With the first Modern PTQ season coming to a close, Valeriy Shunkov provides some tech for two important decks in Modern: U/W/R Delver and Melira. Give one of these a try this weekend!

The very first Modern PTQ season is going into the final countdown, with a bunch of PTQs for my readers and GP Turin for me. I doubt Modern will be played during the entire year, but I’m looking forward to the GP with the high hopes. I’ll be very excited to play Modern next winter. Now, before finally switching my attention to Standard for some months, I’m going to provide some tech to fix the current state of two important decks in Modern: U/W/R Delver and Melira. This article will also be useful in the future to those of you who will be desperately searching for a deck to play at GP Columbus at the end of July.

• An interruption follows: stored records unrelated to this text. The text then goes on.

(* Let $E=\frac{\sqrt{15}}{4}\begin{pmatrix}1&0\\0&0\end{pmatrix}$ and $B=\frac18\begin{pmatrix}1&1\\1&1\end{pmatrix}$, with Bloch representations $e^0=\sqrt{15}/4$, $\vec e=(0,0,\sqrt{15}/4)$, $b^0=1/4$, $\vec b=\tfrac14(1,0,0)$. Then $\|\vec e\|^2+\|\vec b\|^2-(\vec e\cdot\vec b)^2=1$, yet the two-outcome POVMs $(E,\mathbb 1-E)$ and $(B,\mathbb 1-B)$ are not jointly measurable.
   Context: A qubit effect $E$ is written $E=\tfrac12(e^0\mathbb 1+\vec e\cdot\vec\sigma)$ with $\vec\sigma$ the vector of Pauli matrices. Two POVMs $(E_i)$, $(B_j)$ are jointly measurable if there is a POVM $(N_{ij})$ with $\sum_jN_{ij}=E_i$, $\sum_iN_{ij}=B_j$. *)

theory Defs
  imports "HOL-Analysis.Analysis"
begin

type_synonym qmat = "complex^2^2"

definition mat2 :: "complex \<Rightarrow> complex \<Rightarrow> complex \<Rightarrow> complex \<Rightarrow> qmat" where
  "mat2 a b c d = vector [vector [a, b], vector [c, d]]"

definition pauli_x :: qmat where "pauli_x = mat2 0 1 1 0"
definition pauli_y :: qmat where "pauli_y = mat2 0 (- \<i>) \<i> 0"
definition pauli_z :: qmat where "pauli_z = mat2 1 0 0 (-1)"

definition cscale :: "complex \<Rightarrow> qmat \<Rightarrow> qmat" where
  "cscale c A = (\<chi> i j. c * A$i$j)"

definition bloch :: "real \<Rightarrow> real^3 \<Rightarrow> qmat" where
  "bloch e0 e = cscale (complex_of_real (1/2))
     (cscale (complex_of_real e0) (mat 1) + cscale (complex_of_real (e$1)) pauli_x
      + cscale (complex_of_real (e$2)) pauli_y + cscale (complex_of_real (e$3)) pauli_z)"

definition psd :: "qmat \<Rightarrow> bool" where
  "psd A \<longleftrightarrow> (\<forall>v::complex^2. let q = (\<Sum>i\<in>UNIV. cnj (v$i) * (A *v v)$i) in
                  q \<in> \<real> \<and> 0 \<le> Re q)"

definition povm :: "('i::finite \<Rightarrow> qmat) \<Rightarrow> bool" where
  "povm E \<longleftrightarrow> (\<forall>i. psd (E i)) \<and> (\<Sum>i\<in>UNIV. E i) = mat 1"

definition jointly_measurable ::
    "('i::finite \<Rightarrow> qmat) \<Rightarrow> ('j::finite \<Rightarrow> qmat) \<Rightarrow> bool" where
  "jointly_measurable E B \<longleftrightarrow>
     (\<exists>N :: 'i \<Rightarrow> 'j \<Rightarrow> qmat. povm (\<lambda>(i,j). N i j) \<and>
        (\<forall>i. (\<Sum>j\<in>UNIV. N i j) = E i) \<and> (\<forall>j. (\<Sum>i\<in>UNIV. N i j) = B j))"

definition binary_povm :: "qmat \<Rightarrow> bool \<Rightarrow> qmat" where
  "binary_povm X = (\<lambda>b. if b then X else mat 1 - X)"

end

theory Submission
  imports Defs
begin

text \<open>
  If (E, 1 - E) and (B, 1 - B) had a joint POVM with N(True,True) = A, then the other three
  entries would be E - A, B - A and 1 - E - B + A, all positive semidefinite. For
  E = a |0><0| and B = 2 b |+><+| with a + b > 1, testing these four matrices against suitable
  real vectors gives A22 <= 0, A11 >= a + b - 1 > 0, Re (A12 + A21) >= A11 + A22 (as |+> is
  orthogonal to (1, -1)) and A11 - 2 Re (A12 + A21) + 4 A22 >= 0; together these force
  A11 <= 2 A22 <= 0. The given E (a = sqrt 15 / 4 > 7/8) and B (b = 1/8) are of this form,
  although their Bloch vectors attain equality in the quadratic condition.
\<close>

lemma mat2_nth [simp]:
  "mat2 a b c d $1$1 = a" "mat2 a b c d $1$2 = b" "mat2 a b c d $2$1 = c" "mat2 a b c d $2$2 = d"
  by (simp_all add: mat2_def)

lemma qmat_eqI:
  "(M::qmat)$1$1 = N$1$1 \<Longrightarrow> M$1$2 = N$1$2 \<Longrightarrow> M$2$1 = N$2$1 \<Longrightarrow> M$2$2 = N$2$2 \<Longrightarrow> M = N"
  by (simp add: vec_eq_iff forall_2)

lemma mat2_arith [simp]:
  "cscale k (mat2 a b c d) = mat2 (k*a) (k*b) (k*c) (k*d)"
  "mat2 a b c d + mat2 a' b' c' d' = mat2 (a+a') (b+b') (c+c') (d+d')"
  "mat2 a b c d - mat2 a' b' c' d' = mat2 (a-a') (b-b') (c-c') (d-d')"
  by (rule qmat_eqI; simp add: cscale_def)+

lemma mat_1_eq_mat2: "(mat 1 :: qmat) = mat2 1 0 0 1"
  by (rule qmat_eqI; simp add: mat_def)

lemma binary_quadratic_form_nonneg:
  fixes \<alpha> \<beta> \<gamma> x y :: real
  assumes "\<alpha> \<ge> 0" "\<beta>^2 \<le> \<alpha>*\<gamma>" "\<gamma> \<ge> 0"
  shows "0 \<le> \<alpha>*x^2 + 2*\<beta>*x*y + \<gamma>*y^2"
proof (cases "\<alpha> = 0")
  case True
  then show ?thesis using assms by simp
next
  case False
  then have "\<alpha> > 0" using assms(1) by simp
  have "\<alpha>*(\<alpha>*x^2 + 2*\<beta>*x*y + \<gamma>*y^2) = (\<alpha>*x + \<beta>*y)^2 + (\<alpha>*\<gamma> - \<beta>^2)*y^2"
    by (simp add: algebra_simps power2_eq_square)
  also have "\<dots> \<ge> 0" using assms(2) by simp
  finally show ?thesis using \<open>\<alpha> > 0\<close> by (simp add: zero_le_mult_iff)
qed

lemma psd_real_symmetric_mat2:
  fixes \<alpha> \<beta> \<gamma> :: real
  assumes "\<alpha> \<ge> 0" "\<beta>^2 \<le> \<alpha>*\<gamma>" "\<gamma> \<ge> 0"
  shows "psd (mat2 \<alpha> \<beta> \<beta> \<gamma>)"
  unfolding psd_def Let_def
proof
  fix v :: "complex^2"
  obtain x1 y1 x2 y2 where v: "v$1 = Complex x1 y1" "v$2 = Complex x2 y2"
    by (metis complex.exhaust)
  have "(\<Sum>i\<in>UNIV. cnj (v$i) * (mat2 \<alpha> \<beta> \<beta> \<gamma> *v v)$i)
     = of_real ((\<alpha>*x1^2 + 2*\<beta>*x1*x2 + \<gamma>*x2^2) + (\<alpha>*y1^2 + 2*\<beta>*y1*y2 + \<gamma>*y2^2))"
    by (simp add: sum_2 matrix_vector_mult_def v complex_eq_iff power2_eq_square algebra_simps)
  then show "(\<Sum>i\<in>UNIV. cnj (v$i) * (mat2 \<alpha> \<beta> \<beta> \<gamma> *v v)$i) \<in> \<real> \<and>
      0 \<le> Re (\<Sum>i\<in>UNIV. cnj (v$i) * (mat2 \<alpha> \<beta> \<beta> \<gamma> *v v)$i)"
    using binary_quadratic_form_nonneg[OF assms, of x1 x2]
      binary_quadratic_form_nonneg[OF assms, of y1 y2] by simp
qed

lemma psd_real_quadratic_form_nonneg:
  fixes x y :: real
  assumes "psd M"
  shows "0 \<le> x^2 * Re (M$1$1) + x*y * Re (M$1$2 + M$2$1) + y^2 * Re (M$2$2)"
proof -
  have "0 \<le> Re (\<Sum>i\<in>UNIV. cnj ((vector [of_real x, of_real y]::complex^2)$i)
                  * (M *v vector [of_real x, of_real y])$i)"
    using assms unfolding psd_def Let_def by blast
  then show ?thesis
    by (simp add: sum_2 matrix_vector_mult_def power2_eq_square algebra_simps)
qed

lemma povm_binary_povm:
  assumes "psd X" "psd (mat 1 - X)"
  shows "povm (binary_povm X)"
  using assms unfolding povm_def binary_povm_def by (simp add: UNIV_bool)

lemma povm_binary_povm_real_symmetric_mat2:
  fixes \<alpha> \<beta> \<gamma> :: real
  assumes "0 \<le> \<alpha>" "\<beta>^2 \<le> \<alpha>*\<gamma>" "0 \<le> \<gamma>"
      and "\<alpha> \<le> 1" "\<beta>^2 \<le> (1 - \<alpha>)*(1 - \<gamma>)" "\<gamma> \<le> 1"
  shows "povm (binary_povm (mat2 \<alpha> \<beta> \<beta> \<gamma>))"
proof (rule povm_binary_povm)
  show "psd (mat2 \<alpha> \<beta> \<beta> \<gamma>)"
    using assms by (intro psd_real_symmetric_mat2)
  have "psd (mat2 (1 - \<alpha>) (- \<beta>) (- \<beta>) (1 - \<gamma>))"
    using assms by (intro psd_real_symmetric_mat2) simp_all
  then show "psd (mat 1 - mat2 \<alpha> \<beta> \<beta> \<gamma>)"
    by (simp add: mat_1_eq_mat2)
qed

lemma jointly_measurable_binary_povmE:
  assumes "jointly_measurable (binary_povm E) (binary_povm B)"
  obtains A where "psd A" "psd (E - A)" "psd (B - A)" "psd (mat 1 - E - (B - A))"
proof -
  obtain N :: "bool \<Rightarrow> bool \<Rightarrow> qmat" where
    N: "povm (\<lambda>(i, j). N i j)" and
    rows: "\<And>i. (\<Sum>j\<in>UNIV. N i j) = binary_povm E i" and
    cols: "\<And>j. (\<Sum>i\<in>UNIV. N i j) = binary_povm B j"
    using assms unfolding jointly_measurable_def by blast
  have psd_N: "psd (N i j)" for i j
    using N unfolding povm_def by (metis case_prod_conv)
  have "N True False + N True True = E" "N False False + N False True = mat 1 - E"
    "N False True + N True True = B"
    using rows[of True] rows[of False] cols[of True] by (simp_all add: UNIV_bool binary_povm_def)
  then have "N True False = E - N True True" "N False True = B - N True True"
    "N False False = mat 1 - E - (B - N True True)"
    by (metis add_diff_cancel)+
  then show thesis using that psd_N by metis
qed

lemma not_jointly_measurable_projector_pair:
  fixes a \<beta> :: real
  assumes "a + \<beta> > 1"
  shows "\<not> jointly_measurable (binary_povm (mat2 a 0 0 0)) (binary_povm (mat2 \<beta> \<beta> \<beta> \<beta>))"
proof
  assume "jointly_measurable (binary_povm (mat2 a 0 0 0)) (binary_povm (mat2 \<beta> \<beta> \<beta> \<beta>))"
  then obtain A where psd: "psd A" "psd (mat2 a 0 0 0 - A)" "psd (mat2 \<beta> \<beta> \<beta> \<beta> - A)"
    "psd (mat 1 - mat2 a 0 0 0 - (mat2 \<beta> \<beta> \<beta> \<beta> - A))"
    by (rule jointly_measurable_binary_povmE)
  have "0 \<le> - Re (A$2$2)"
    using psd_real_quadratic_form_nonneg[OF psd(2), of 0 1] by simp
  moreover have "a + \<beta> - 1 \<le> Re (A$1$1)"
    using psd_real_quadratic_form_nonneg[OF psd(4), of 1 0] by (simp add: mat_1_eq_mat2)
  moreover have "Re (A$1$1) + Re (A$2$2) \<le> Re (A$1$2 + A$2$1)"
    using psd_real_quadratic_form_nonneg[OF psd(3), of 1 "-1"] by simp
  moreover have "2 * Re (A$1$2 + A$2$1) \<le> Re (A$1$1) + 4 * Re (A$2$2)"
    using psd_real_quadratic_form_nonneg[OF psd(1), of 1 "-2"] by (simp add: power2_eq_square)
  ultimately show False using assms by linarith
qed

theorem mainTheorem4:
  fixes E B :: qmat and e0 b0 :: real and e b :: "real^3"
  assumes "E = cscale (complex_of_real (sqrt 15 / 4)) (mat2 1 0 0 0)"
      and "B = cscale (complex_of_real (1/8)) (mat2 1 1 1 1)"
      and "e0 = sqrt 15 / 4" and "e = vector [0, 0, sqrt 15 / 4]"
      and "b0 = 1/4" and "b = (1/4) *\<^sub>R vector [1, 0, 0]"
  shows "E = bloch e0 e \<and> B = bloch b0 b
    \<and> norm e ^ 2 + norm b ^ 2 - (e \<bullet> b) ^ 2 = 1
    \<and> povm (binary_povm E) \<and> povm (binary_povm B)
    \<and> \<not> jointly_measurable (binary_povm E) (binary_povm B)"
proof -
  define a where "a = sqrt 15 / 4"
  have a_sq: "a^2 = 15/16" unfolding a_def by (simp add: power_divide)
  have a_bounds: "7/8 < a" "a < 1"
    unfolding a_def using real_less_rsqrt[of "7/2" 15] real_sqrt_less_iff[of 15 16]
    by (simp_all add: power2_eq_square)
  have E: "E = mat2 a 0 0 0" and B: "B = mat2 (1/8) (1/8) (1/8) (1/8)"
    using assms(1,2) unfolding a_def by simp_all
  have "E = bloch e0 e" "B = bloch b0 b"
    unfolding E B bloch_def assms(3-6) mat_1_eq_mat2 pauli_x_def pauli_y_def pauli_z_def a_def
    by (rule qmat_eqI; simp)+
  moreover have "norm e ^ 2 + norm b ^ 2 - (e \<bullet> b) ^ 2 = 1"
    unfolding power2_norm_eq_inner assms(4,6) a_def[symmetric]
    using a_sq by (simp add: inner_vec_def sum_3 power2_eq_square)
  moreover have "povm (binary_povm E)"
    unfolding E using povm_binary_povm_real_symmetric_mat2[of a 0 0] a_bounds by simp
  moreover have "povm (binary_povm B)"
    unfolding B using povm_binary_povm_real_symmetric_mat2[of "1/8" "1/8" "1/8"]
    by (simp add: power2_eq_square)
  moreover have "\<not> jointly_measurable (binary_povm E) (binary_povm B)"
    unfolding E B using not_jointly_measurable_projector_pair[of a "1/8"] a_bounds by simp
  ultimately show ?thesis by blast
qed

end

This season was a sort of breakthrough for the Russian Magic community. It started with two Top 25 results at PT Philly for my teammate Egor Khodasevich (zinzinnat on Magic Online) and Ukrainian Oleksandr Onosov (drVendigo), followed by Mikhail Stroev’s (Backstreet) 10th place at GP Lincoln, Dmitry Zaychenko’s (RealDizzy) Magic Online PTQ win, and Dmitry Butakov’s (Butakov) win of the first season of the Magic Online Championship Series (MOCS). Russian players are still far from Nicolay Potovin’s past success, but I believe that the growing potential of our community will soon be realized.

Quick aside about name-dropping

I know that the names I mentioned (and will mention later in the text) don’t say much for the most part to my readers, but this season was a breakthrough for our community also in terms of Magic Online involvement. Many good players have started to play in online PTQs, so I have provided you some worthy nicknames to search for at mtgonline.com.

End aside

Moreover, Russian players not only scored about ten Magic Online PTQ Top 8s but were also involved in format evolution at a worldwide level. I covered the story of how U/W/R Delver aka BORemandOS was created in my previous article. Unfortunately, none of the three deck’s creators qualified for Barcelona (despite eight PTQ Top 8s on Magic Online and in real life), but some other people did it with the very first list. A whole month is a lot of time for such a fast-evolving format, so I have two more lists of the deck to share.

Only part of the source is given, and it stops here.